In this chapter we’ve spent quite a bit of time on computing the values of integrals. However, not all integrals can be computed. A perfect example is the following definite integral.

\[\int_{{\,0}}^{{\,2}}{{{{\bf{e}}^{{x^2}}}\,dx}}\]

We now need to talk a little bit about estimating values of definite integrals. We will look at three different methods, although one should already be familiar to you from your Calculus I days. We will develop all three methods for estimating

\[\int_{{\,a}}^{{\,b}}{{f\left( x \right)\,dx}}\]

by thinking of the integral as an area problem and using known shapes to estimate the area under the curve.

Let’s get first develop the methods and then we’ll try to estimate the integral shown above.

Midpoint Rule

This is the rule that should be somewhat familiar to you. We will divide the interval \(\left[ {a,b} \right]\) into \(n\) subintervals of equal width,

\[\Delta x = \frac{{b - a}}{n}\]

We will denote each of the intervals as follows,

\[\left[ {{x_0},{x_1}} \right],\,\,\left[ {{x_1},{x_2}} \right], \ldots ,\left[ {{x_{n - 1}},{x_n}} \right]\hspace{0.25in}{\mbox{where}}\,{x_0} = a{\mbox{ and }}{x_n} = b\]
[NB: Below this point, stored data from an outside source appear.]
lemma jordan_block_pow_subseq_bound_size_le_1:
  fixes a :: "'a::real_normed_field" and r :: "nat \<Rightarrow> nat"
  assumes r: "strict_mono r" and a: "norm a = 1" and bound: "\<And>k. norm_bound (jordan_block m a ^\<^sub>m r k) C"
  shows "m \<le> 1"
proof (rule ccontr)
  assume "\<not> m \<le> 1"
  then have m: "1 < m" by simp
  obtain k where k: "C < real k" using reals_Archimedean2 by blast
  have "real k \<le> real (r k)" using seq_suble[OF r] by simp
  also have "real (r k) = norm ((jordan_block m a ^\<^sub>m r k) $$ (0,1))"
    using m a by (simp add: jordan_block_pow norm_mult norm_power)
  also have "\<dots> \<le> C" using bound m unfolding norm_bound_def by simp
  finally show False using k by simp
qed

lemma jordan_nf_pow_bounded_if_subseq_bounded:
  fixes A :: "'a::real_normed_field mat" and r :: "nat \<Rightarrow> nat"
  assumes A: "A \<in> carrier_mat n n" and jnf: "jordan_nf A n_as"
    and r: "strict_mono r" and bound: "\<And>k. norm_bound (A ^\<^sub>m r k) C"
  shows "\<exists>c. \<forall>k. norm_bound (A ^\<^sub>m k) c"
proof -
  from jnf obtain P Q where sim: "similar_mat_wit A (jordan_matrix n_as) P Q"
    unfolding jordan_nf_def similar_mat_def by blast
  obtain d where d: "\<And>k C. norm_bound (A ^\<^sub>m k) C \<Longrightarrow> norm_bound (jordan_matrix n_as ^\<^sub>m k) (d * C)"
    using similar_mat_wit_pow_norm_bound[OF sim A] by blast
  have block: "norm_bound (jordan_block m a ^\<^sub>m r k) (d * C)" if "(m, a) \<in> set n_as" for m a k
    using norm_bound_diag_block_mat_block[OF d[OF bound, unfolded jordan_matrix_pow]] that by force
  have "\<exists>c1 c2. \<forall>k. norm_bound (A ^\<^sub>m k) (c1 + c2 * of_nat k ^ (1 - 1))"
  proof (rule jordan_nf_matrix_poly_bound[OF A _ _ jnf])
    show "norm a \<le> 1" if "(m, a) \<in> set n_as" "0 < m" for m a
      using jordan_block_pow_subseq_bound_norm_le_1[OF r that(2) block[OF that(1)]] .
    show "m \<le> 1" if "(m, a) \<in> set n_as" "norm a = 1" for m a
      using jordan_block_pow_subseq_bound_size_le_1[OF r that(2) block[OF that(1)]] .
  qed
  then show ?thesis by auto
qed

text \<open>Matrices indexed by a finite type are transported to the matrices of the Jordan normal form
  library along a fixed enumeration of the index type.\<close>

definition cart_index :: "nat \<Rightarrow> 'n::finite" where
  "cart_index = (SOME h. bij_betw h {0..<CARD('n)} UNIV)"

definition mat_of_cart :: "'a^'n^'n \<Rightarrow> 'a mat" where
  "mat_of_cart X =
    Matrix.mat CARD('n) CARD('n) (\<lambda>(i, j). vec_nth (vec_nth X (cart_index i)) (cart_index j))"

lemma bij_betw_cart_index: "bij_betw (cart_index :: nat \<Rightarrow> 'n::finite) {0..<CARD('n)} UNIV"
proof -
  obtain h :: "nat \<Rightarrow> 'n" where "bij_betw h {0..<CARD('n)} UNIV"
    using ex_bij_betw_nat_finite[of "UNIV :: 'n set"] by auto
  then show ?thesis
    unfolding cart_index_def by (rule someI[where P = "\<lambda>h. bij_betw h {0..<CARD('n)} UNIV"])
qed

lemma cart_index_surj: obtains i where "i < CARD('n)" and "cart_index i = (a :: 'n::finite)"
  using bij_betw_cart_index[where 'n = 'n] unfolding bij_betw_def
  by (metis atLeastLessThan_iff imageE UNIV_I)

lemma mat_of_cart_carrier [simp]:
  "mat_of_cart (X :: 'a^'n::finite^'n) \<in> carrier_mat CARD('n) CARD('n)"
  "dim_row (mat_of_cart X) = CARD('n)" "dim_col (mat_of_cart X) = CARD('n)"
  by (auto simp: mat_of_cart_def)

lemma mat_of_cart_index [simp]:
  "i < CARD('n) \<Longrightarrow> j < CARD('n) \<Longrightarrow>
    mat_of_cart (X :: 'a^'n::finite^'n) $$ (i, j) = vec_nth (vec_nth X (cart_index i)) (cart_index j)"
  by (simp add: mat_of_cart_def)

lemma mat_of_cart_mult:
  "mat_of_cart ((X :: 'a::semiring_1^'n::finite^'n) ** Y) = mat_of_cart X * mat_of_cart Y"
proof (rule eq_matI)
  fix i j assume "i < dim_row (mat_of_cart X * mat_of_cart Y)" "j < dim_col (mat_of_cart X * mat_of_cart Y)"
  then have i: "i < CARD('n)" and j: "j < CARD('n)" by auto
  have "(mat_of_cart X * mat_of_cart Y) $$ (i, j) = (\<Sum>k = 0..<CARD('n).
      vec_nth (vec_nth X (cart_index i)) (cart_index k) * vec_nth (vec_nth Y (cart_index k)) (cart_index j))"
    using i j by (simp add: scalar_prod_def)
  also have "\<dots> = (\<Sum>k\<in>UNIV. vec_nth (vec_nth X (cart_index i)) k * vec_nth (vec_nth Y k) (cart_index j))"
    by (rule sum.reindex_bij_betw[OF bij_betw_cart_index])
  also have "\<dots> = mat_of_cart (X ** Y) $$ (i, j)"
    using i j by (simp add: matrix_matrix_mult_def)
  finally show "mat_of_cart (X ** Y) $$ (i, j) = (mat_of_cart X * mat_of_cart Y) $$ (i, j)" by simp
qed auto

lemma mat_of_cart_one: "mat_of_cart (Finite_Cartesian_Product.mat 1 :: 'a::semiring_1^'n::finite^'n) = 1\<^sub>m CARD('n)"
proof (rule eq_matI)
  fix i j assume "i < dim_row (1\<^sub>m CARD('n))" "j < dim_col (1\<^sub>m CARD('n))"
  then have i: "i < CARD('n)" and j: "j < CARD('n)" by auto
  then have "(cart_index i :: 'n) = cart_index j \<longleftrightarrow> i = j"
    using bij_betw_cart_index[where 'n = 'n] unfolding bij_betw_def inj_on_def by auto
  then show "mat_of_cart (Finite_Cartesian_Product.mat 1 :: 'a^'n^'n) $$ (i, j) = 1\<^sub>m CARD('n) $$ (i, j)"
    using i j by (simp add: Finite_Cartesian_Product.mat_def)
qed auto

lemma mat_of_cart_matpow: "mat_of_cart (matpow (A :: 'a::semiring_1^'n::finite^'n) k) = mat_of_cart A ^\<^sub>m k"
  by (induction k) (simp_all add: mat_of_cart_one mat_of_cart_mult)

lemma norm_le_sum_norm_nth: "norm (x :: 'a::real_normed_vector^'n) \<le> (\<Sum>i\<in>UNIV. norm (vec_nth x i))"
  by (simp add: norm_vec_def L2_set_le_sum)

lemma bounded_iff_norm_bound_mat_of_cart:
  fixes F :: "'b \<Rightarrow> 'a::real_normed_field^'n::finite^'n"
  shows "bounded (range F) \<longleftrightarrow> (\<exists>c. \<forall>k. norm_bound (mat_of_cart (F k)) c)"
proof
  assume "bounded (range F)"
  then obtain c where c: "\<And>k. norm (F k) \<le> c" by (auto simp: bounded_iff)
  have "norm (vec_nth (vec_nth (F k) a) b) \<le> c" for k a b
    using Finite_Cartesian_Product.norm_nth_le[of "vec_nth (F k) a" b]
      Finite_Cartesian_Product.norm_nth_le[of "F k" a] c[of k]
    by linarith
  then show "\<exists>c. \<forall>k. norm_bound (mat_of_cart (F k)) c" by (auto simp: norm_bound_def)
next
  assume "\<exists>c. \<forall>k. norm_bound (mat_of_cart (F k)) c"
  then obtain c where c: "\<And>k. norm_bound (mat_of_cart (F k)) c" by blast
  have entry: "norm (vec_nth (vec_nth (F k) a) b) \<le> c" for k a b
  proof -
    obtain i j where "i < CARD('n)" "cart_index i = a" "j < CARD('n)" "cart_index j = b"
      by (metis cart_index_surj)
    then show ?thesis
      using c[of k] unfolding norm_bound_def by (metis mat_of_cart_carrier(2,3) mat_of_cart_index)
  qed
  have "norm (F k) \<le> of_nat CARD('n) * (of_nat CARD('n) * c)" for k
  proof -
    have "norm (F k) \<le> (\<Sum>a\<in>UNIV. \<Sum>b\<in>UNIV. norm (vec_nth (vec_nth (F k) a) b))"
      by (intro order.trans[OF norm_le_sum_norm_nth] sum_mono norm_le_sum_norm_nth)
    also have "\<dots> \<le> (\<Sum>a\<in>(UNIV :: 'n set). \<Sum>b\<in>(UNIV :: 'n set). c)"
      by (intro sum_mono entry)
    finally show ?thesis by simp
  qed
  then show "bounded (range F)" by (auto simp: bounded_iff)
qed

lemma matpow_bounded_if_subseq_bounded:
  fixes A :: "complex^'n::finite^'n" and r :: "nat \<Rightarrow> nat"
  assumes r: "strict_mono r" and bounded: "bounded (range (\<lambda>k. matpow A (r k)))"
  shows "bounded (range (matpow A))"
proof -
  let ?M = "mat_of_cart A"
  obtain C where C: "\<And>k. norm_bound (?M ^\<^sub>m r k) C"
    using bounded unfolding bounded_iff_norm_bound_mat_of_cart mat_of_cart_matpow by blast
  obtain as where "char_poly ?M = (\<Prod>a\<leftarrow>as. [:- a, 1:])"
    using char_poly_factorized[OF mat_of_cart_carrier(1)] by blast
  then obtain n_as where "jordan_nf ?M n_as"
    using jordan_nf_exists[OF mat_of_cart_carrier(1)] by blast
  from jordan_nf_pow_bounded_if_subseq_bounded[OF mat_of_cart_carrier(1) this r C]
  show ?thesis unfolding bounded_iff_norm_bound_mat_of_cart mat_of_cart_matpow .
qed

definition subseq_limits :: "(nat \<Rightarrow> 'a::topological_space) \<Rightarrow> 'a set" where
  "subseq_limits X = {L. \<exists>r. strict_mono r \<and> (X \<circ> r) \<longlonglongrightarrow> L}"

lemma limit_points_pow_eq_subseq_limits: "limit_points_pow A = subseq_limits (matpow A)"
  by (simp add: limit_points_pow_def subseq_limits_def o_def)

lemma filterlim_at_top_strict_mono_subseq:
  fixes f :: "nat \<Rightarrow> nat"
  assumes "filterlim f at_top sequentially"
  obtains \<sigma> :: "nat \<Rightarrow> nat" where "strict_mono \<sigma>" and "strict_mono (f \<circ> \<sigma>)"
proof -
  have "\<exists>j. i < j \<and> f i < f j" for i
  proof -
    from assms obtain N where "\<And>j. N \<le> j \<Longrightarrow> Suc (f i) \<le> f j"
      unfolding filterlim_at_top eventually_sequentially by blast
    from this[of "max N (Suc i)"] show ?thesis by (intro exI[of _ "max N (Suc i)"]) auto
  qed
  then obtain \<sigma> where \<sigma>: "\<And>n. \<sigma> n < \<sigma> (Suc n) \<and> f (\<sigma> n) < f (\<sigma> (Suc n))"
    using dependent_nat_choice[of "\<lambda>_ _. True" "\<lambda>_ i j. i < j \<and> f i < f j"] by blast
  have "strict_mono \<sigma>" "strict_mono (f \<circ> \<sigma>)"
    unfolding strict_mono_Suc_iff using \<sigma> by auto
  then show ?thesis by (rule that)
qed

lemma filterlim_at_top_if_ge:
  assumes "\<And>n. n \<le> g n"
  shows "filterlim (g :: nat \<Rightarrow> nat) at_top sequentially"
  using assms unfolding filterlim_at_top eventually_sequentially by (meson le_trans)

lemma subseq_limitsI:
  fixes f :: "nat \<Rightarrow> nat" and X :: "nat \<Rightarrow> 'a::topological_space"
  assumes f: "filterlim f at_top sequentially" and lim: "(\<lambda>k. X (f k)) \<longlonglongrightarrow> L"
  shows "L \<in> subseq_limits X"
proof -
  obtain \<sigma> :: "nat \<Rightarrow> nat" where "strict_mono \<sigma>" "strict_mono (f \<circ> \<sigma>)"
    using filterlim_at_top_strict_mono_subseq[OF f] .
  moreover have "(X \<circ> (f \<circ> \<sigma>)) \<longlonglongrightarrow> L"
    using LIMSEQ_subseq_LIMSEQ[OF lim \<open>strict_mono \<sigma>\<close>] by (simp add: o_def)
  ultimately show ?thesis unfolding subseq_limits_def by blast
qed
Then for each interval let \(x_i^*\) be the midpoint of the interval. We then sketch in rectangles for each subinterval with a height of \(f\left( {x_i^*} \right)\). Here is a graph showing the set up using \(n = 6\).
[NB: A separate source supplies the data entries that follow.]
lemma wedge31_zero_imp_wedge111:
  fixes Om :: "complex^'n \<Rightarrow> complex^'n \<Rightarrow> complex^'n \<Rightarrow> complex"
  assumes swap12: "\<And>u v w. Om v u w = - Om u v w" and swap23: "\<And>u v w. Om u w v = - Om u v w"
    and wedge_a: "\<And>u1 u2 u3 u4. wedge31 Om a u1 u2 u3 u4 = 0"
    and wedge_b: "\<And>u1 u2 u3 u4. wedge31 Om b u1 u2 u3 u4 = 0"
    and dual: "a t = 1" "b t = 0" "a s = 0" "b s = 1"
  shows "Om u v w = wedge111 a b (Om t s) u v w"
proof -
  have cyclic: "Om x t s = Om t s x" for x
    using swap12[of t x s] swap23[of t s x] by simp
  have via_t: "Om x y t = Om t s y * b x - Om t s x * b y" for x y
    using wedge_b[of x y t s] dual cyclic[of x] cyclic[of y] by (simp add: wedge31_def algebra_simps)
  have "Om u v w = Om u v t * a w - Om u w t * a v + Om v w t * a u"
    using wedge_a[of u v w t] dual by (simp add: wedge31_def algebra_simps)
  then show ?thesis
    unfolding via_t wedge111_def by (simp add: algebra_simps)
qed
(* Let $K\ge 2$ and let $\{\ell_t^a\}_{t\ge1,\,a\in[K]}$ be an oblivious adversarial loss sequence with $\ell_t^a\in[0,1]$ and effective loss range $\varepsilon$. Then for every $T\ge 1$ the expected regret of SODA satisfies \[ \mathcal{R}_T \le 4\varepsilon\sqrt{(K-1)\ln K}\,\sqrt{T+(K-1)\sqrt{T}\left(2+\sqrt{\ln\!\big(\sqrt{T}(K-1)\big)/2}\right)} + 4(K-1)\ln K . \]
   Context: Setting (prediction with limited advice, one extra observation): there are $K$ arms, $[K]=\{1,\dots,K\}$, and losses $\ell_t^a\in[0,1]$ for rounds $t=1,2,\dots$. In each round $t$ the learner picks a primary arm $A_t\in[K]$, suffers and observes $\ell_t^{A_t}$, and additionally picks a secondary arm $B_t$ (chosen after $A_t$) and observes, but does not suffer, $\ell_t^{B_t}$. An oblivious adversary fixes all losses (deterministically) before the game starts. The effective loss range is the smallest $\varepsilon$ such that $|\ell_t^a-\ell_t^{a'}|\le\varepsilon$ for all $t$ and all $a,a'\in[K]$ (almost surely); $\varepsilon\le 1$. The expected regret is $\mathcal{R}_T=\mathbb{E}[\sum_{t=1}^T\ell_t^{A_t}]-\min_{a\in[K]}\mathbb{E}[\sum_{t=1}^T\ell_t^a]$, expectations over all randomness. SODA (Second Order Difference Adjustments): for each round $t$, draw $A_t\sim \mathbf p_t$, then draw $B_t$ uniformly from $[K]\setminus\{A_t\}$, observe $\ell_t^{A_t},\ell_t^{B_t}$, and set the loss difference estimators $\widetilde{\Delta\ell}_t^a=(K-1)\mathbb 1(B_t=a)(\ell_t^{B_t}-\ell_t^{A_t})$ for all $a\in[K]$. Let $D_t(a)=\sum_{s=1}^t\widetilde{\Delta\ell}_s^a$, $S_t(a)=\sum_{s=1}^t(\widetilde{\Delta\ell}_s^a)^2$, with $D_0=S_0=0$. The learning rate is $\eta_t=\min\{\sqrt{\ln K/(\max_a S_{t-1}(a)+(K-1)^2)},\,1/(2(K-1))\}$ and \[p_t^a=\frac{\exp(-\eta_tD_{t-1}(a)-\eta_t^2S_{t-1}(a))}{\sum_{b=1}^K\exp(-\eta_tD_{t-1}(b)-\eta_t^2S_{t-1}(b))}\] (so $\mathbf p_1$ is uniform). *)

theory Defs
  imports "HOL-Probability.Probability"
begin

text \<open>Arms are 1..K; rounds are t = 1,2,...; losses are l t a.
  A history of length n is the list of pairs (A_s, B_s) for rounds s = 1..n,
  the entry for round s being at list index s - 1.\<close>

definition soda_est :: "nat \<Rightarrow> (nat \<Rightarrow> nat \<Rightarrow> real) \<Rightarrow> nat \<Rightarrow> nat \<times> nat \<Rightarrow> nat \<Rightarrow> real" where
  "soda_est K l t ab a =
     (real K - 1) * (if snd ab = a then 1 else 0) * (l t (snd ab) - l t (fst ab))"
This is the graph of some unknown function on the domain a<x<b that is completely in the 1st quadrant.  The domain is broken up into 6 subintervals defined by $x_{0}$, $x_{1}$, $x_{2}$, $x_{3}$, $x_{4}$, $x_{5}$ and $x_{6}$.   Each pair of endpoints defines the (equal) width of a rectangle above it and between each pair is another number defined by $x_{1}^{*}$, $x_{2}^{*}$, $x_{3}^{*}$, $x_{4}^{*}$, $x_{5}^{*}$ and $x_{6}^{*}$.  These are the heights of each rectangle.

We can easily find the area for each of these rectangles and so for a general \(n\) we get that,

\[\int_{{\,a}}^{{\,b}}{{f\left( x \right)\,dx}} \approx \Delta x\,f\left( {x_1^*} \right) + \Delta x\,f\left( {x_2^*} \right) + \cdots + \Delta x\,f\left( {x_n^*} \right)\]
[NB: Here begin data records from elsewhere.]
(* For every finite field $\mathbb{F}_q$, the unit-graph on $\operatorname{Mat}_2(\mathbb{F}_q)$ is strongly regular.
   Context: The unit-graph on $\operatorname{Mat}_2(\mathbb{F}_q)$ is the graph with vertex set $\operatorname{Mat}_2(\mathbb{F}_q)$ in which $A$ and $B$ are adjacent iff $B - A \in \operatorname{GL}_2(\mathbb{F}_q)$. A non-empty, non-complete regular graph is strongly regular with parameters $(n,k,a,c)$ if it has $n$ vertices, is $k$-regular, every pair of distinct adjacent vertices has exactly $a$ common neighbours, and every pair of distinct nonadjacent vertices has exactly $c$ common neighbours. *)

theory Defs
  imports "HOL-Analysis.Analysis"
begin

definition simple_graph :: "'v set \<Rightarrow> ('v \<Rightarrow> 'v \<Rightarrow> bool) \<Rightarrow> bool" where
  "simple_graph V E \<longleftrightarrow>
     (\<forall>x\<in>V. \<forall>y\<in>V. E x y \<longrightarrow> E y x) \<and> (\<forall>x\<in>V. \<not> E x x)"

definition strongly_regular_with ::
  "'v set \<Rightarrow> ('v \<Rightarrow> 'v \<Rightarrow> bool) \<Rightarrow> nat \<Rightarrow> nat \<Rightarrow> nat \<Rightarrow> nat \<Rightarrow> bool" where
  "strongly_regular_with V E n k a c \<longleftrightarrow>
     simple_graph V E \<and> finite V \<and>
     V \<noteq> {} \<and>
     (\<exists>x\<in>V. \<exists>y\<in>V. x \<noteq> y \<and> \<not> E x y) \<and>
     card V = n \<and>
     (\<forall>x\<in>V. card {y\<in>V. E x y} = k) \<and>
     (\<forall>x\<in>V. \<forall>y\<in>V. x \<noteq> y \<and> E x y \<longrightarrow> card {z\<in>V. E x z \<and> E y z} = a) \<and>
     (\<forall>x\<in>V. \<forall>y\<in>V. x \<noteq> y \<and> \<not> E x y \<longrightarrow> card {z\<in>V. E x z \<and> E y z} = c)"

definition strongly_regular :: "'v set \<Rightarrow> ('v \<Rightarrow> 'v \<Rightarrow> bool) \<Rightarrow> bool" where
  "strongly_regular V E \<longleftrightarrow> (\<exists>n k a c. strongly_regular_with V E n k a c)"

definition unit_graph_adj :: "'a::field^2^2 \<Rightarrow> 'a^2^2 \<Rightarrow> bool" where
  "unit_graph_adj A B \<longleftrightarrow> invertible (B - A)"

end

theory Submission
  imports Defs
begin

text \<open>The unit-graph is a Cayley graph of the additive group of matrices, so the number of common
neighbours of x and y depends only on D = y - x: it is the number of invertible W with W - D
invertible. This count is unchanged under D \<mapsto> P D Q for invertible P, Q, and a nonzero 2 \<times> 2
matrix is equivalent in this sense either to the identity (if invertible) or to the matrix unit
E11 (if singular). Hence adjacent pairs share one number of neighbours and distinct
nonadjacent pairs another.\<close>

lemma card_pairs_translate:
  fixes S :: "'a::ab_group_add \<Rightarrow> bool"
  shows "card {z. S (z - x) \<and> S (z - y)} = card {w. S w \<and> S (w - (y - x))}"
proof -
  have "{z. S (z - x) \<and> S (z - y)} = (\<lambda>w. w + x) ` {w. S w \<and> S (w - (y - x))}"
    by (auto simp: image_iff algebra_simps intro!: exI[of _ "_ - x"])
  moreover have "inj (\<lambda>w. w + x)"
    by (simp add: inj_on_def)
  ultimately show ?thesis
    by (simp add: card_image)
qed

lemma matrix_diff_distrib:
  fixes P :: "'a::ring_1^'n^'m" and A B :: "'a^'k^'n" and Q :: "'a^'l^'k"
  shows "P ** (A - B) ** Q = P ** A ** Q - P ** B ** Q"
  by (simp add: matrix_matrix_mult_def vec_eq_iff sum_subtractf sum_distrib_right algebra_simps)

lemma invertible_uminus:
  fixes A :: "'a::field^'n^'n"
  assumes "invertible A"
  shows "invertible (- A)"
proof -
  obtain B where "A ** B = mat 1" "B ** A = mat 1"
    using assms invertible_def by blast
  then have "(- A) ** (- B) = mat 1" "(- B) ** (- A) = mat 1"
    by (simp_all add: matrix_matrix_mult_def vec_eq_iff sum_negf)
  then show ?thesis
    unfolding invertible_def by blast
qed

lemma invertible_mult_both_iff:
  fixes P W Q :: "'a::field^'n^'n"
  assumes "invertible P" "invertible Q"
  shows "invertible (P ** W ** Q) \<longleftrightarrow> invertible W"
  using assms by (auto simp: invertible_det_nz det_mul)

definition common_unit_count :: "'a::field^'n^'n \<Rightarrow> nat" where
  "common_unit_count D = card {W. invertible W \<and> invertible (W - D)}"

lemma common_unit_count_equivalent:
  fixes P D Q :: "'a::{field,finite}^'n^'n"
  assumes P: "invertible P" and Q: "invertible Q"
  shows "common_unit_count (P ** D ** Q) = common_unit_count D"
proof -
  define f where "f W = P ** W ** Q" for W :: "'a^'n^'n"
  obtain P' where P': "P' ** P = mat 1"
    using P invertible_left_inverse by blast
  obtain Q' where Q': "Q ** Q' = mat 1"
    using Q invertible_right_inverse by blast
  have "P' ** f W ** Q' = W" for W
    unfolding f_def by (metis P' Q' matrix_mul_assoc matrix_mul_lid matrix_mul_rid)
  then have "inj f"
    by (metis injI)
  then have "surj f"
    by (simp add: finite_UNIV_inj_surj)
  have preimage: "f -` {W. invertible W \<and> invertible (W - P ** D ** Q)}
                  = {W. invertible W \<and> invertible (W - D)}"
    using P Q by (simp add: f_def invertible_mult_both_iff flip: matrix_diff_distrib)
  have "card (f -` {W. invertible W \<and> invertible (W - P ** D ** Q)})
        = card {W. invertible W \<and> invertible (W - P ** D ** Q)}"
    using \<open>inj f\<close> \<open>surj f\<close> by (intro card_vimage_inj) auto
  from this[unfolded preimage] show ?thesis
    unfolding common_unit_count_def by simp
qed

definition mat2 :: "'a::zero \<Rightarrow> 'a \<Rightarrow> 'a \<Rightarrow> 'a \<Rightarrow> 'a^2^2" where
  "mat2 a b c d = (\<chi> i j. if i = 1 then (if j = 1 then a else b) else (if j = 1 then c else d))"

lemma mat2_nth [simp]:
  "mat2 a b c d $ 1 $ 1 = a" "mat2 a b c d $ 1 $ 2 = b"
  "mat2 a b c d $ 2 $ 1 = c" "mat2 a b c d $ 2 $ 2 = d"
  by (simp_all add: mat2_def)

lemma mat2_entries: "D = mat2 (D$1$1) (D$1$2) (D$2$1) (D$2$2)"
  by (simp add: vec_eq_iff forall_2)

lemma mat2_mult:
  "mat2 a b c d ** mat2 a' b' c' d' =
     mat2 (a*a' + b*c') (a*b' + b*d') (c*a' + d*c') (c*b' + d*d')"
  by (simp add: vec_eq_iff forall_2 matrix_matrix_mult_def sum_2)

lemma invertible_mat2_iff: "invertible (mat2 a b c d :: 'a::field^2^2) \<longleftrightarrow> a*d - b*c \<noteq> 0"
  by (simp add: invertible_det_nz det_2)

lemma rank_one_normal_form:
  fixes D :: "'a::field^2^2"
  assumes "D \<noteq> 0" "\<not> invertible D"
  shows "\<exists>P Q. invertible P \<and> invertible Q \<and> D = P ** mat2 1 0 0 0 ** Q"
proof -
  obtain a b c d where D: "D = mat2 a b c d"
    using mat2_entries by blast
  have det0: "a*d = b*c"
    using assms(2) D invertible_mat2_iff by auto
  have nonzero: "a \<noteq> 0 \<or> b \<noteq> 0 \<or> c \<noteq> 0 \<or> d \<noteq> 0"
    using assms(1) D by (auto simp: vec_eq_iff forall_2)
  show ?thesis
  proof (cases "a = 0")
    case False
    then have "d = b*c/a"
      using det0 by (simp add: eq_divide_eq mult.commute)
    then show ?thesis
      using False det0
      by (intro exI[of _ "mat2 a 0 c 1"] exI[of _ "mat2 1 (b/a) 0 1"])
        (auto simp: invertible_mat2_iff D mat2_mult mult.commute)
  next
    case a: True
    consider "b \<noteq> 0" | "b = 0" "c \<noteq> 0" | "b = 0" "c = 0" "d \<noteq> 0"
      using nonzero a by blast
    then show ?thesis
    proof cases
      case 1
      then have "c = 0"
        using a det0 by simp
      with 1 a show ?thesis
        by (intro exI[of _ "mat2 b 0 d 1"] exI[of _ "mat2 0 1 1 0"])
          (auto simp: invertible_mat2_iff D mat2_mult)
    next
      case 2
      with a show ?thesis
        by (intro exI[of _ "mat2 0 1 c 0"] exI[of _ "mat2 1 (d/c) 0 1"])
          (auto simp: invertible_mat2_iff D mat2_mult)
    next
      case 3
      with a show ?thesis
        by (intro exI[of _ "mat2 0 1 d 0"] exI[of _ "mat2 0 1 1 0"])
          (auto simp: invertible_mat2_iff D mat2_mult)
    qed
  qed
qed

lemma common_unit_count_invertible:
  fixes D :: "'a::{field,finite}^'n^'n"
  assumes "invertible D"
  shows "common_unit_count D = common_unit_count (mat 1 :: 'a^'n^'n)"
proof -
  have "invertible (mat 1 :: 'a^'n^'n)"
    unfolding invertible_def by auto
  then show ?thesis
    using common_unit_count_equivalent[OF assms, of "mat 1" "mat 1"] by simp
qed

lemma common_unit_count_singular:
  fixes D :: "'a::{field,finite}^2^2"
  assumes "D \<noteq> 0" "\<not> invertible D"
  shows "common_unit_count D = common_unit_count (mat2 1 0 0 0 :: 'a^2^2)"
  using rank_one_normal_form[OF assms] common_unit_count_equivalent by metis

lemma unit_graph_simple: "simple_graph UNIV unit_graph_adj"
  unfolding simple_graph_def unit_graph_adj_def
proof (intro conjI ballI impI)
  fix x y :: "'a^2^2"
  assume "invertible (y - x)"
  then show "invertible (x - y)"
    using invertible_uminus[of "y - x"] by simp
next
  fix x :: "'a^2^2"
  show "\<not> invertible (x - x)"
    by (simp add: invertible_det_nz det_2)
qed

lemma unit_graph_common_neighbours:
  "card {z. unit_graph_adj x z \<and> unit_graph_adj y z} = common_unit_count (y - x)"
  unfolding unit_graph_adj_def common_unit_count_def
  by (rule card_pairs_translate)

lemma unit_graph_degree:
  fixes x :: "'a::field^2^2"
  shows "card {y. unit_graph_adj x y} = card {W :: 'a^2^2. invertible W}"
  using card_pairs_translate[of invertible x x] by (simp add: unit_graph_adj_def)

lemma unit_graph_not_complete: "\<exists>x y :: 'a::field^2^2. x \<noteq> y \<and> \<not> unit_graph_adj x y"
proof (intro exI conjI)
  show "0 \<noteq> (mat2 1 0 0 0 :: 'a^2^2)"
    by (metis mat2_nth(1) zero_index one_neq_zero)
  show "\<not> unit_graph_adj 0 (mat2 1 0 0 0 :: 'a^2^2)"
    by (simp add: unit_graph_adj_def invertible_mat2_iff)
qed

theorem corollary3p4:
  shows "strongly_regular (UNIV :: ((('a::{field,finite})^2)^2) set) unit_graph_adj"
  unfolding strongly_regular_def strongly_regular_with_def
proof (intro exI conjI ballI impI)
  fix x y :: "'a^2^2"
  assume "x \<noteq> y \<and> unit_graph_adj x y"
  then show "card {z \<in> UNIV. unit_graph_adj x z \<and> unit_graph_adj y z}
             = common_unit_count (mat 1 :: 'a^2^2)"
    using unit_graph_common_neighbours[of x y] common_unit_count_invertible[of "y - x"]
    by (simp add: unit_graph_adj_def)
next
  fix x y :: "'a^2^2"
  assume "x \<noteq> y \<and> \<not> unit_graph_adj x y"
  then show "card {z \<in> UNIV. unit_graph_adj x z \<and> unit_graph_adj y z}
             = common_unit_count (mat2 1 0 0 0 :: 'a^2^2)"
    using unit_graph_common_neighbours[of x y] common_unit_count_singular[of "y - x"]
    by (auto simp: unit_graph_adj_def)
qed (use unit_graph_simple unit_graph_degree unit_graph_not_complete in auto)

end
Or, upon factoring out a \(\Delta x\) we get the general Midpoint Rule.

\[\int_{{\,a}}^{{\,b}}{{f\left( x \right)\,dx}} \approx \Delta x\left[f\left( {x_1^*} \right) + f\left( {x_2^*} \right) + \cdots + f\left( {x_n^*} \right)\right]\]

Trapezoid Rule

For this rule we will do the same set up as for the Midpoint Rule. We will break up the interval \(\left[ {a,b} \right]\) into \(n\) subintervals of width,

\[\Delta x = \frac{{b - a}}{n}\]

Then on each subinterval we will approximate the function with a straight line that is equal to the function values at either endpoint of the interval. Here is a sketch of this case for \(n = 6\).

This is the graph of some unknown function on the domain a<x<b that is completely in the 1st quadrant.  The domain is broken up into 6 subintervals defined by $x_{0}$, $x_{1}$, $x_{2}$, $x_{3}$, $x_{4}$, $x_{5}$ and $x_{6}$.   Each pair of endpoints defines the (equal) width of a trapezoid (i.e. the base is on the x-axis and the top is simply the line that connects the two endpoints which are on the graph of the function) above it.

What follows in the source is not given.